Views with Pagers - Should You Index All the Pages?
The last thing you might consider doing is telling Google not to index pager subpages beyond the first one. This is a preference issue. Personally, I think it’s better to have Google focus its results on a single page for each term. In my opinion, it’s better for SEO and better for users who click on result links to go to the first page for a term rather than somewhere in the middle. But, I can understand why some people might want all the pages indexed to make sure nothing is missed.
If you do want to remove your pager pages from the Google index, you need to add a NOINDEX,FOLLOW meta tag to all the pager pages, except for the first one. There are two ways you can do this:
- Change the setting for this in the Nodewords module - DO NOT DO THIS! While there is a configuration option designed for this purpose in Nodewords, it’s got a major bug (http://drupal.org/node/835172) in the stable release. Do not mess with this option, or you’ll likely end up getting NOINDEX on the exact pages you want Google to index. The thing is coded backwards or something. This issue's supposedly fixed in the -dev version if you want to try that.
- Follow the instructions on this page to modify your theme page template to add the required meta tag to pager pages. This isn’t the best long-term option, especially if you’re using a standard template, since you’ll lose this change in an upgrade. But, until Nodewords is fixed, it’s the best way to go.

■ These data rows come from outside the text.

lemma sign_condition_weyl_iff:
  assumes rs: "root_system R" and ps: "positive_system R Rp" and w: "w \<in> weyl_group R"
    and x: "x \<in> integral_weights R" and y: "y \<in> integral_weights R"
    and dom: "w (x + y) \<in> dominant_weights R Rp"
  shows "(\<forall>\<alpha>\<in>R. coroot_eval x \<alpha> * coroot_eval y \<alpha> \<ge> 0) \<longleftrightarrow>
         w x \<in> dominant_weights R Rp \<and> w y \<in> dominant_weights R Rp"
proof -
  have xy: "x + y \<in> integral_weights R" using integral_weights_add[OF x y] .
  have sum_nonneg: "coroot_eval x \<gamma> + coroot_eval y \<gamma> \<ge> 0" if "\<gamma> \<in> R" "w \<gamma> \<in> Rp" for \<gamma>
    using dom that unfolding dominant_weights_weyl_iff[OF rs ps w xy] coroot_eval_add by blast
  have w_uminus: "w (- \<gamma>) = - w \<gamma>" for \<gamma>
    using weyl_group_props[OF rs w] by (simp add: linear_neg)
  have root_cases: "w \<gamma> \<in> Rp \<or> w (- \<gamma>) \<in> Rp" if "\<gamma> \<in> R" for \<gamma>
    using positive_system_cases[OF rs ps] weyl_group_props[OF rs w] that w_uminus by auto
  show ?thesis
    unfolding dominant_weights_weyl_iff[OF rs ps w x] dominant_weights_weyl_iff[OF rs ps w y]
  proof
    assume sign: "\<forall>\<alpha>\<in>R. coroot_eval x \<alpha> * coroot_eval y \<alpha> \<ge> 0"
    have "coroot_eval x \<gamma> \<ge> 0 \<and> coroot_eval y \<gamma> \<ge> 0" if "\<gamma> \<in> R" "w \<gamma> \<in> Rp" for \<gamma>
    proof -
      have "coroot_eval x \<gamma> * coroot_eval y \<gamma> \<ge> 0" using sign that(1) by blast
      moreover have "coroot_eval x \<gamma> + coroot_eval y \<gamma> \<ge> 0" using sum_nonneg[OF that] .
      ultimately show ?thesis by (auto simp: zero_le_mult_iff)
    qed
    then show "(\<forall>\<gamma>\<in>R. w \<gamma> \<in> Rp \<longrightarrow> coroot_eval x \<gamma> \<ge> 0) \<and>
               (\<forall>\<gamma>\<in>R. w \<gamma> \<in> Rp \<longrightarrow> coroot_eval y \<gamma> \<ge> 0)" by blast
  next
    assume "(\<forall>\<gamma>\<in>R. w \<gamma> \<in> Rp \<longrightarrow> coroot_eval x \<gamma> \<ge> 0) \<and>
            (\<forall>\<gamma>\<in>R. w \<gamma> \<in> Rp \<longrightarrow> coroot_eval y \<gamma> \<ge> 0)"
    then have pos: "\<And>\<gamma>. \<gamma> \<in> R \<Longrightarrow> w \<gamma> \<in> Rp \<Longrightarrow> coroot_eval x \<gamma> \<ge> 0 \<and> coroot_eval y \<gamma> \<ge> 0"
      by blast
    show "\<forall>\<gamma>\<in>R. coroot_eval x \<gamma> * coroot_eval y \<gamma> \<ge> 0"
    proof
      fix \<gamma> assume "\<gamma> \<in> R"
      then have "- \<gamma> \<in> R" by (rule root_system_uminus[OF rs])
      from root_cases[OF \<open>\<gamma> \<in> R\<close>] show "coroot_eval x \<gamma> * coroot_eval y \<gamma> \<ge> 0"
      proof
        assume "w \<gamma> \<in> Rp"
        then show ?thesis using pos[OF \<open>\<gamma> \<in> R\<close>] by simp
      next
        assume "w (- \<gamma>) \<in> Rp"
        then have "coroot_eval x (- \<gamma>) \<ge> 0 \<and> coroot_eval y (- \<gamma>) \<ge> 0"
          using pos[OF \<open>- \<gamma> \<in> R\<close>] by simp
        then show ?thesis by (simp add: coroot_eval_uminus_root mult_nonpos_nonpos)
      qed
    qed
  qed
qed

theorem proposition5p1:
  fixes R Rp :: "'a::euclidean_space set" and lam l1 l2 m1 m2 :: 'a
  assumes "root_system R" and "irreducible_rs R" and "positive_system R Rp"
    and "lam \<in> dominant_weights R Rp"
    and "(l1, l2) \<in> dominant_pairs R Rp lam" and "(m1, m2) \<in> dominant_pairs R Rp lam"
  shows "(pair_preceq Rp (l1, l2) (m1, m2) \<longleftrightarrow>
            (\<forall>\<alpha>\<in>Rp. coroot_eval (l1 - m1) \<alpha> * coroot_eval (m1 - l2) \<alpha> \<ge> 0))
       \<and> (pair_preceq Rp (l1, l2) (m1, m2) \<longleftrightarrow>
            (\<forall>\<alpha>\<in>R. coroot_eval (l1 - m1) \<alpha> * coroot_eval (m1 - l2) \<alpha> \<ge> 0))
       \<and> (\<forall>w\<in>weyl_group R. w (l1 - l2) \<in> dominant_weights R Rp \<longrightarrow>
            (pair_preceq Rp (l1, l2) (m1, m2) \<longleftrightarrow>
               w (l1 - m1) \<in> dominant_weights R Rp \<and> w (m1 - l2) \<in> dominant_weights R Rp))"
proof -
  have sum: "l1 + l2 = m1 + m2" and integral: "l1 \<in> integral_weights R"
    "l2 \<in> integral_weights R" "m1 \<in> integral_weights R"
    using assms(5,6) unfolding dominant_pairs_def dominant_weights_def by auto
  note a_b = pair_preceq_iff_sign[OF sum, of Rp]
  note b_c = sign_condition_all_roots[OF assms(1,3), of "l1 - m1" "m1 - l2"]
  have "(l1 - m1) + (m1 - l2) = l1 - l2" by simp
  then have weyl: "(\<forall>\<alpha>\<in>R. coroot_eval (l1 - m1) \<alpha> * coroot_eval (m1 - l2) \<alpha> \<ge> 0) \<longleftrightarrow>
      w (l1 - m1) \<in> dominant_weights R Rp \<and> w (m1 - l2) \<in> dominant_weights R Rp"
    if "w \<in> weyl_group R" "w (l1 - l2) \<in> dominant_weights R Rp" for w
    using sign_condition_weyl_iff[OF assms(1,3) that(1)
        integral_weights_diff[OF integral(1,3)] integral_weights_diff[OF integral(3,2)]] that(2)
    by simp
  show ?thesis using a_b b_c weyl by blast
qed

I’ve implemented all of the techniques listed above on this site, and now we have a single indexable page for each taxonomy term. All the other variations 301 redirect to the user-friendly aliased URL. Hopefully, this will allow us to concentrate as much page rank as possible on those pages for those terms. I recommend that everyone who uses the Taxonomy module on their Drupal website and is concerned about SEO take a look at how your site is being indexed. These fixes are pretty easy. But, it's clear (and surprising) that hardly anyone in the Drupal community has noticed this issue. I'm adding these items to my pre-launch checklist for all future websites.